Directions for this task: Print out each record, keeping it identical to the original.

Dataset entries
lemma concise_by_echelon:
  assumes "\<And>i0. i0 < d1 \<Longrightarrow>
      \<exists>j<d2. \<exists>k<d3. \<phi> i0 j k \<noteq> 0 \<and> (\<forall>i. i0 < i \<and> i < d1 \<longrightarrow> \<phi> i j k = 0)"
    and "\<And>j0. j0 < d2 \<Longrightarrow>
      \<exists>i<d1. \<exists>k<d3. \<phi> i j0 k \<noteq> 0 \<and> (\<forall>j. j0 < j \<and> j < d2 \<longrightarrow> \<phi> i j k = 0)"
    and "\<And>k0. k0 < d3 \<Longrightarrow>
      \<exists>i<d1. \<exists>j<d2. \<phi> i j k0 \<noteq> 0 \<and> (\<forall>k. k0 < k \<and> k < d3 \<longrightarrow> \<phi> i j k = 0)"
  shows "concise d1 d2 d3 \<phi>"
  unfolding concise_def
proof (intro conjI lin_indep_triangular)
  fix i0 assume "i0 < d1"
  then show "\<exists>b\<in>{..<d2} \<times> {..<d3}. (\<lambda>i (j, k). \<phi> i j k) i0 b \<noteq> 0 \<and>
      (\<forall>i. i0 < i \<and> i < d1 \<longrightarrow> (\<lambda>i (j, k). \<phi> i j k) i b = 0)"
    using assms(1) by fastforce
next
  fix j0 assume "j0 < d2"
  then show "\<exists>b\<in>{..<d1} \<times> {..<d3}. (\<lambda>j (i, k). \<phi> i j k) j0 b \<noteq> 0 \<and>
      (\<forall>j. j0 < j \<and> j < d2 \<longrightarrow> (\<lambda>j (i, k). \<phi> i j k) j b = 0)"
    using assms(2) by fastforce
next
  fix k0 assume "k0 < d3"
  then show "\<exists>b\<in>{..<d1} \<times> {..<d2}. (\<lambda>k (i, j). \<phi> i j k) k0 b \<noteq> 0 \<and>
      (\<forall>k. k0 < k \<and> k < d3 \<longrightarrow> (\<lambda>k (i, j). \<phi> i j k) k b = 0)"
    using assms(3) by fastforce
qed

Response to this task:
lemma concise_by_echelon:
  assumes "\<And>i0. i0 < d1 \<Longrightarrow>
      \<exists>j<d2. \<exists>k<d3. \<phi> i0 j k \<noteq> 0 \<and> (\<forall>i. i0 < i \<and> i < d1 \<longrightarrow> \<phi> i j k = 0)"
    and "\<And>j0. j0 < d2 \<Longrightarrow>
      \<exists>i<d1. \<exists>k<d3. \<phi> i j0 k \<noteq> 0 \<and> (\<forall>j. j0 < j \<and> j < d2 \<longrightarrow> \<phi> i j k = 0)"
    and "\<And>k0. k0 < d3 \<Longrightarrow>
      \<exists>i<d1. \<exists>j<d2. \<phi> i j k0 \<noteq> 0 \<and> (\<forall>k. k0 < k \<and> k < d3 \<longrightarrow> \<phi> i j k = 0)"
  shows "concise d1 d2 d3 \<phi>"
  unfolding concise_def
proof (intro conjI lin_indep_triangular)
  fix i0 assume "i0 < d1"
  then show "\<exists>b\<in>{..<d2} \<times> {..<d3}. (\<lambda>i (j, k). \<phi> i j k) i0 b \<noteq> 0 \<and>
      (\<forall>i. i0 < i \<and> i < d1 \<longrightarrow> (\<lambda>i (j, k). \<phi> i j k) i b = 0)"
    using assms(1) by fastforce
next
  fix j0 assume "j0 < d2"
  then show "\<exists>b\<in>{..<d1} \<times> {..<d3}. (\<lambda>j (i, k). \<phi> i j k) j0 b \<noteq> 0 \<and>
      (\<forall>j. j0 < j \<and> j < d2 \<longrightarrow> (\<lambda>j (i, k). \<phi> i j k) j b = 0)"
    using assms(2) by fastforce
next
  fix k0 assume "k0 < d3"
  then show "\<exists>b\<in>{..<d1} \<times> {..<d2}. (\<lambda>k (i, j). \<phi> i j k) k0 b \<noteq> 0 \<and>
      (\<forall>k. k0 < k \<and> k < d3 \<longrightarrow> (\<lambda>k (i, j). \<phi> i j k) k b = 0)"
    using assms(3) by fastforce
qed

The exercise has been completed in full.